Беско шел в общежитие подавленным. Ну зачем нужно было делать то, что он сделал? И вообще… Удивительная способность, когда-то спасшая ему жизнь, в целом приносила массу неудобств! Он шел и вспоминал об упавших стаканах, кусках хлеба. Когда был голоден, то сладить с собой совершенно не удавалось: все, что могло опрокинуться, опрокидывалось, падало, разбивалось. В школе у него постоянно были неприятности из-за того что на парте не могли улежать ни тетрадь, ни карандаш, ни книги… Стоило забыться, как книги прыгали в руки, резинки и ручки ползли по столам, падали на пол. Едва он научился владеть собой в подобных ситуациях — новая неприятность, о которой неловко было даже вспомнить… Хорошо, что Ли такая умница. Ослабив контроль над собой, Беско почувствовал безотчетное желание прикоснуться к девушке, ощутить ее, быть рядом… Ну, словом конфуз, что говорить… Вспомнились укоризненные взгляды Ли-Лин и стало совсем невмоготу.

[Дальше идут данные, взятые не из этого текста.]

(* Let $k\ge3$ and let $\mathcal B_k$ denote $\mathcal E_1$ if $k=3$ and $\mathcal E_{k-2}$ if $k\ge4$ (so $\mathcal B_k$ carries exactly the nonlocal coordinates $\psi^{(3)},\dots,\psi^{(k-1)}$). Then the horizontal $1$-form $\omega^{(k)}=X^{(k)}\,dx+Y^{(k)}\,dy$ is a nontrivial conservation law of $\mathcal B_k$: it satisfies $\mathcal D_y(X^{(k)})=\mathcal D_x(Y^{(k)})$, where $\mathcal D_x,\mathcal D_y$ are the total derivatives of $\mathcal B_k$, and there is no smooth function $g$ on $\mathcal B_k$ with $X^{(k)}=\mathcal D_x(g)$ and $Y^{(k)}=\mathcal D_y(g)$.
   Context: Let $\mathcal E_1$ be the system $u_y+vu_x=\frac1{v-u}$, $v_y+uv_x=\frac1{u-v}$ with internal coordinates $x,y,u_i=\partial^iu/\partial x^i$, $v_i=\partial^iv/\partial x^i$ ($i\ge0$) and total derivatives $D_x=\partial_x+\sum_i(u_{i+1}\partial_{u_i}+v_{i+1}\partial_{v_i})$, $D_y=\partial_y+\sum_i\big(D_x^i(\tfrac1{v-u}-vu_1)\partial_{u_i}+D_x^i(\tfrac1{u-v}-uv_1)\partial_{v_i}\big)$. Let $\sigma_m=\sum_{i+j=m}u^iv^j$, $\psi^{(1)}=y$, $\psi^{(2)}=x$, and let $\psi^{(k)}$, $k\ge3$, be new coordinates; for $k\ge2$ put $X^{(k)}=\sigma_{k-2}-\sum_{i=1}^{k-3}i\,\sigma_{k-i-3}\psi^{(i)}$ and for $k\ge3$ put $Y^{(k)}=-uv\,X^{(k-1)}-(k-2)\psi^{(k-2)}$. For $m\ge2$, $\mathcal E_m=\mathcal E_1\times\mathbb R^{m-1}$ has the additional coordinates $\psi^{(3)},\dots,\psi^{(m+1)}$ and the total derivatives $D^{(m)}_x=D_x+\sum_{i=3}^{m+1}X^{(i)}\partial/\partial\psi^{(i)}$, $D^{(m)}_y=D_y+\sum_{i=3}^{m+1}Y^{(i)}\partial/\partial\psi^{(i)}$. *)

theory Defs
  imports "HOL-Analysis.Analysis"
begin
lemma pullback_cochain:
  fixes M N :: "'g bimod" and \<psi> :: "'g cochain"
  assumes W: "\<And>y. y \<in> carr N \<Longrightarrow> W y \<in> carr M"
    and Wlin: "\<And>x y c. x \<in> carr N \<Longrightarrow> y \<in> carr N \<Longrightarrow> W (vlin c x y) = vlin c (W x) (W y)"
    and Nlin: "\<And>x y c. x \<in> carr N \<Longrightarrow> y \<in> carr N \<Longrightarrow> vlin c x y \<in> carr N"
    and Wb: "\<And>y. y \<in> carr N \<Longrightarrow> l1norm (W y) \<le> Kw * l1norm y"
    and p: "\<psi> \<in> cochains M n"
  shows "pullback N W \<psi> \<in> cochains N n"
proof -
  obtain K where K: "cbound M n \<psi> K" "K \<ge> 0" using cochain_bounded_nonneg[OF p] by blast
  have bnd: "cbound N n (pullback N W \<psi>) (K * Kw)" unfolding cbound_def
  proof (intro allI impI)
    fix as :: "'g vec list" and y assume v: "valid n as" and y: "y \<in> carr N"
    have "norm (pullback N W \<psi> as y) = norm (\<psi> as (W y))" unfolding pullback_def using y by simp
    also have "\<dots> \<le> K * prod_list (map l1norm as) * l1norm (W y)" by (rule cboundD[OF K(1) v W[OF y]])
    also have "\<dots> \<le> K * prod_list (map l1norm as) * (Kw * l1norm y)"
      by (intro mult_left_mono Wb[OF y] mult_nonneg_nonneg K(2) prod_l1norm_nonneg)
    finally show "norm (pullback N W \<psi> as y) \<le> K * Kw * prod_list (map l1norm as) * l1norm y"
      by (simp add: mult_ac)
  qed
  show ?thesis
  proof (rule cochainI[OF _ _ _ bnd])
    fix as :: "'g vec list" assume v: "valid n as"
    show "pullback N W \<psi> as \<in> dualset (carr N)"
    proof (rule dualI[where K="K * Kw * prod_list (map l1norm as)"])
      fix x y :: "'g vec" and c assume x: "x \<in> carr N" and y: "y \<in> carr N"
      show "pullback N W \<psi> as (vlin c x y) = c * pullback N W \<psi> as x + pullback N W \<psi> as y"
        unfolding pullback_def using x y Nlin Wlin dual_linear[OF cochain_dual[OF p v] W[OF x] W[OF y]] by simp
    qed (use cboundD[OF bnd v] in \<open>auto simp: pullback_def\<close>)
  qed (auto simp: pullback_def fun_eq_iff cochain_invalid[OF p] cochain_multilinear[OF p])
qed

lemma pullback_cobound:
  fixes M N :: "('g::group_add) bimod" and \<psi> :: "'g cochain"
  assumes W: "\<And>y. y \<in> carr N \<Longrightarrow> W y \<in> carr M"
    and lN: "\<And>a y. a \<in> l1 \<Longrightarrow> y \<in> carr N \<Longrightarrow> lact N a y \<in> carr N \<and> W (lact N a y) = lact M a (W y)"
    and rN: "\<And>a y. a \<in> l1 \<Longrightarrow> y \<in> carr N \<Longrightarrow> ract N y a \<in> carr N \<and> W (ract N y a) = ract M (W y) a"
  shows "cobound N n (pullback N W \<psi>) = pullback N W (cobound M n \<psi>)"
proof (intro ext)
  fix as :: "'g vec list" and y :: "'g vec"
  show "cobound N n (pullback N W \<psi>) as y = pullback N W (cobound M n \<psi>) as y"
  proof (cases "valid (Suc n) as \<and> y \<in> carr N")
    case False thus ?thesis unfolding cobound_def pullback_def dlact_def dract_def by auto
  next
    case True
    hence v: "valid (Suc n) as" and y: "y \<in> carr N" by auto
    have "hd as \<in> l1" "last as \<in> l1" using valid_hd[OF v] valid_last[OF v] by auto
    thus ?thesis unfolding cobound_def pullback_def dlact_def dract_def
      using v y W[OF y] rN[of "hd as" y] lN[of "last as" y] by simp
  qed
qed

locale bimod_isomorphism = banach_bimod M for M :: "('g::group_add) bimod" +
  fixes N :: "'g bimod" and U :: "'g vec \<Rightarrow> 'g vec" and K1 K2 :: real
  assumes bij: "bij_betw U (carr M) (carr N)"
    and U_lin: "x \<in> carr M \<Longrightarrow> y \<in> carr M \<Longrightarrow> U (vlin c x y) = vlin c (U x) (U y)"
    and U_bound: "x \<in> carr M \<Longrightarrow> l1norm (U x) \<le> K1 * l1norm x"
    and U_bound_inv: "x \<in> carr M \<Longrightarrow> l1norm x \<le> K2 * l1norm (U x)"
    and U_lact: "a \<in> l1 \<Longrightarrow> x \<in> carr M \<Longrightarrow> U (lact M a x) = lact N a (U x)"
    and U_ract: "a \<in> l1 \<Longrightarrow> x \<in> carr M \<Longrightarrow> U (ract M x a) = ract N (U x) a"
begin
lemma nn_integral_norm_powr_outside_ball_le:
  fixes M :: real
  assumes M_greater: "DIM('a) < M"
  shows "\<exists>C\<ge>0. \<forall>\<rho>>0.
     (\<integral>\<^sup>+ z. ennreal (if \<rho> < norm z then norm (z::'a::euclidean_space) powr (-M) else 0) \<partial>lborel)
       \<le> ennreal (C * \<rho> powr (DIM('a) - M))"
proof (intro exI conjI allI impI)
  define q :: real where "q = 2 powr (DIM('a) - M)"
  have "0 \<le> q" "q < 1"
    unfolding q_def using M_greater powr_less_mono[of "DIM('a) - M" 0 2] by auto
  thus "0 \<le> unit_ball_vol DIM('a) / (1 - q) * 2 powr DIM('a)"
    by simp
  fix \<rho> :: real
  assume "0 < \<rho>"
  define S where "S k = {z::'a. \<rho> * 2 ^ k \<le> dist 0 z \<and> dist 0 z < \<rho> * 2 ^ Suc k}" for k
  define b where "b k = (\<rho> * 2 ^ k) powr (-M)" for k
  have "(\<integral>\<^sup>+ z. ennreal (if \<rho> < norm z then norm (z::'a) powr (-M) else 0) \<partial>lborel)
      \<le> ennreal (unit_ball_vol DIM('a) / (1 - q) * (2 powr DIM('a) * \<rho> powr (DIM('a) - M)))"
  proof (rule nn_integral_le_geometric_shell_sum[of S 0 "\<lambda>k. \<rho> * 2 ^ Suc k" b])
    show "S k \<in> sets lborel" for k
      unfolding S_def by measurable
    show "S k \<subseteq> cball 0 (\<rho> * 2 ^ Suc k)" for k
      unfolding S_def by auto
    show "b k * (\<rho> * 2 ^ Suc k) ^ DIM('a) = 2 powr DIM('a) * \<rho> powr (DIM('a) - M) * q ^ k" for k
      using growing_shell_weight_eq[OF \<open>0 < \<rho>\<close>] by (simp add: b_def q_def)
    fix z :: 'a
    show "\<exists>k. ennreal (if \<rho> < norm z then norm z powr (-M) else 0) \<le> ennreal (b k * indicator (S k) z)"
    proof (cases "\<rho> < norm z")
      case True
      then obtain k where k: "\<rho> * 2 ^ k \<le> norm z" "norm z < \<rho> * 2 ^ Suc k"
        using exists_dyadic_interval[of \<rho> "norm z"] \<open>0 < \<rho>\<close> by auto
      hence "z \<in> S k"
        by (simp add: S_def del: power_Suc)
      moreover have "norm z powr (-M) \<le> b k"
        unfolding b_def using k M_greater \<open>0 < \<rho>\<close>
        by (intro powr_mono2') (auto simp del: power_Suc)
      ultimately show ?thesis
        using True by (intro exI[of _ k] ennreal_leI) simp
    qed auto
  qed (use \<open>0 < \<rho>\<close> \<open>0 \<le> q\<close> \<open>q < 1\<close> in \<open>auto simp: b_def\<close>)
  thus "(\<integral>\<^sup>+ z. ennreal (if \<rho> < norm z then norm (z::'a) powr (-M) else 0) \<partial>lborel)
      \<le> ennreal (unit_ball_vol DIM('a) / (1 - q) * 2 powr DIM('a) * \<rho> powr (DIM('a) - M))"
    by (simp add: mult.assoc)
qed

declare borel_closed[OF closed_cball, measurable]

lemma nn_integral_jb_powr_le:
  fixes N :: real
  assumes "DIM('a) < N"
  shows "\<exists>K\<ge>0. (\<integral>\<^sup>+ z. ennreal (jb (norm (z::'a::euclidean_space)) powr (-N)) \<partial>lborel) \<le> ennreal K"
proof -
  obtain C where "0 \<le> C" and C: "\<And>\<rho>. 0 < \<rho> \<Longrightarrow>
     (\<integral>\<^sup>+ z. ennreal (if \<rho> < norm z then norm (z::'a) powr (-N) else 0) \<partial>lborel) \<le> ennreal (C * \<rho> powr (DIM('a) - N))"
    using nn_integral_norm_powr_outside_ball_le[OF assms] by blast
  define V where "V = unit_ball_vol DIM('a)"
  have "0 \<le> V"
    unfolding V_def by simp
  have "ennreal (jb (norm z) powr (-N))
      \<le> ennreal (indicator (cball 0 1) z) + ennreal (if 1 < norm z then norm (z::'a) powr (-N) else 0)" for z
  proof (cases "1 < norm z")
    case True
    hence "jb (norm z) powr (-N) \<le> norm z powr (-N)"
      using assms abs_le_jb[of "norm z"] by (intro powr_mono2') auto
    thus ?thesis
      using True by (simp add: ennreal_leI)
  qed (use jb_powr_nonpos_le_1[of "-N" "norm z"] assms in auto)
  hence "(\<integral>\<^sup>+ z. ennreal (jb (norm (z::'a)) powr (-N)) \<partial>lborel)
      \<le> (\<integral>\<^sup>+ z. ennreal (indicator (cball (0::'a) 1) z) \<partial>lborel)
        + (\<integral>\<^sup>+ z. ennreal (if 1 < norm z then norm (z::'a) powr (-N) else 0) \<partial>lborel)"
    by (subst nn_integral_add[symmetric]) (auto intro: nn_integral_mono)
  also have "\<dots> \<le> ennreal V + ennreal C"
    using C[of 1] by (intro add_mono) (simp_all add: ennreal_indicator emeasure_cball V_def)
  finally show ?thesis
    using \<open>0 \<le> V\<close> \<open>0 \<le> C\<close> by (intro exI[of _ "V + C"]) simp
qed

lemma nn_integral_jb_powr_norm_powr_outside_ball_le_max_one:
  fixes M a :: real
  assumes M_nonneg: "0 \<le> M" and a_nonneg: "0 \<le> a" and a_less: "a < DIM('a)"
    and Ma_greater: "DIM('a) < M + a"
  shows "\<exists>C\<ge>0. \<forall>\<rho>\<ge>0.
    (\<integral>\<^sup>+ z. ennreal (if \<rho> < norm z then jb (norm (z::'a::euclidean_space)) powr (-M) * norm z powr (-a) else 0) \<partial>lborel)
      \<le> ennreal (C * max 1 \<rho> powr (DIM('a) - M - a))"
proof -
  obtain Cb where "0 \<le> Cb" and Cb_all: "\<forall>(x::'a) \<rho>. 0 \<le> \<rho> \<longrightarrow>
     (\<integral>\<^sup>+ z. ennreal (if norm (x - z) \<le> \<rho> then norm (x - z) powr (-a) else 0) \<partial>lborel)
       \<le> ennreal (Cb * \<rho> powr (DIM('a) - a))"
    using nn_integral_dist_powr_cball_le[OF a_nonneg a_less] by blast
  have Cb: "(\<integral>\<^sup>+ z. ennreal (if norm z \<le> 1 then norm (z::'a) powr (-a) else 0) \<partial>lborel) \<le> ennreal Cb"
    using Cb_all[rule_format, where x=0 and \<rho>=1] by (simp cong: if_cong)
  obtain Ct where "0 \<le> Ct" and Ct: "\<And>\<rho>. 0 < \<rho> \<Longrightarrow>
     (\<integral>\<^sup>+ z. ennreal (if \<rho> < norm z then norm (z::'a) powr (-(M + a)) else 0) \<partial>lborel)
       \<le> ennreal (Ct * \<rho> powr (DIM('a) - M - a))"
    using nn_integral_norm_powr_outside_ball_le[OF Ma_greater] by (auto simp: diff_diff_add)
  have "(\<integral>\<^sup>+ z. ennreal (if \<rho> < norm z then jb (norm (z::'a)) powr (-M) * norm z powr (-a) else 0) \<partial>lborel)
      \<le> ennreal ((Cb + Ct) * max 1 \<rho> powr (DIM('a) - M - a))" if "0 \<le> \<rho>" for \<rho>
  proof (cases "1 \<le> \<rho>")
    case True
    show ?thesis
    proof (rule nn_integral_le_scaled_bound[where c=1])
      show "(if \<rho> < norm z then jb (norm z) powr (-M) * norm z powr (-a) else 0)
          \<le> 1 * (if \<rho> < norm z then norm (z::'a) powr (-(M + a)) else 0)" for z
        using jb_powr_times_powr_le_powr[OF _ M_nonneg, of "norm z" a] True by (cases "z = 0") auto
      show "1 * (Ct * \<rho> powr (DIM('a) - M - a)) \<le> (Cb + Ct) * max 1 \<rho> powr (DIM('a) - M - a)"
        using True \<open>0 \<le> Cb\<close> by (simp add: distrib_right)
    qed (use Ct True in auto)
  next
    case False
    show ?thesis
    proof (rule nn_integral_le_scaled_bound[where c=1])
      show "(if \<rho> < norm z then jb (norm z) powr (-M) * norm z powr (-a) else 0)
          \<le> 1 * ((if norm z \<le> 1 then norm (z::'a) powr (-a) else 0)
            + (if 1 < norm z then norm z powr (-(M + a)) else 0))" for z
        using jb_powr_times_powr_le_cases[OF _ M_nonneg, of "norm z" a] that by (cases "z = 0") auto
      show "(\<integral>\<^sup>+ z. ennreal ((if norm z \<le> 1 then norm (z::'a) powr (-a) else 0)
            + (if 1 < norm z then norm z powr (-(M + a)) else 0)) \<partial>lborel) \<le> ennreal (Cb + Ct)"
        using Cb Ct[of 1] \<open>0 \<le> Cb\<close> \<open>0 \<le> Ct\<close> by (intro nn_integral_add_le) auto
    qed (use False in \<open>simp_all, measurable\<close>)
  qed
  thus ?thesis
    using \<open>0 \<le> Cb\<close> \<open>0 \<le> Ct\<close> by (intro exI[of _ "Cb + Ct"]) auto
qed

— Ты что несешься как на пожар? — удивился едва поспевающий за ним Тылко Тон.

Беско хотел было огрызнуться, но внезапно его окликнули:

— Лен! Привет!

Из кабины стоящего у обочины грузового турбохода выглядывала веселая физиономия с копной кучерявых волос. Длинный нос, светлые, близко посаженные глаза и улыбка от уха до уха.

Беско растерянно кивнул головой.

— Ну как твоя нога?

— Фу ты… Не узнал я тебя. Зарос, прямо как настоящий художник… Нога не хвост, как говорится… Поболит и перестанет. А ты-то как?

— Да вот, как видишь!

Кучерявый весело кивнул на кузов турбохода, где видна была мраморная глыба.

— Ага… Понимаю… Опять за камень… Позвоночник-то давно не болит?

Ты же сам говорил, поболит и перестанет. А если серьезно, помоги разгрузить, будь другом… А этот парень с тобой? — кивнул он на Тылко Тона.

Через некоторое время турбоход уже катил по булыжнику окраины.

— Кто такой? — кивнул на кабину Тон.

— Художник. В госпитале вместе лежали. Я с ногой, он с позвоночником.

— Хорошо сидит. Дома-то вишь какие…

Беско посмотрел на особняки из красного морского камня, проплывающие по сторонам.

— Отец у него был большой человек. Тоже художник.

— Так это Ванко Вар?! — вытаращил глаза Тон.

— Сын его. Борко Вар. Соображай, по возрасту-то он же чуть постарше нас с тобой…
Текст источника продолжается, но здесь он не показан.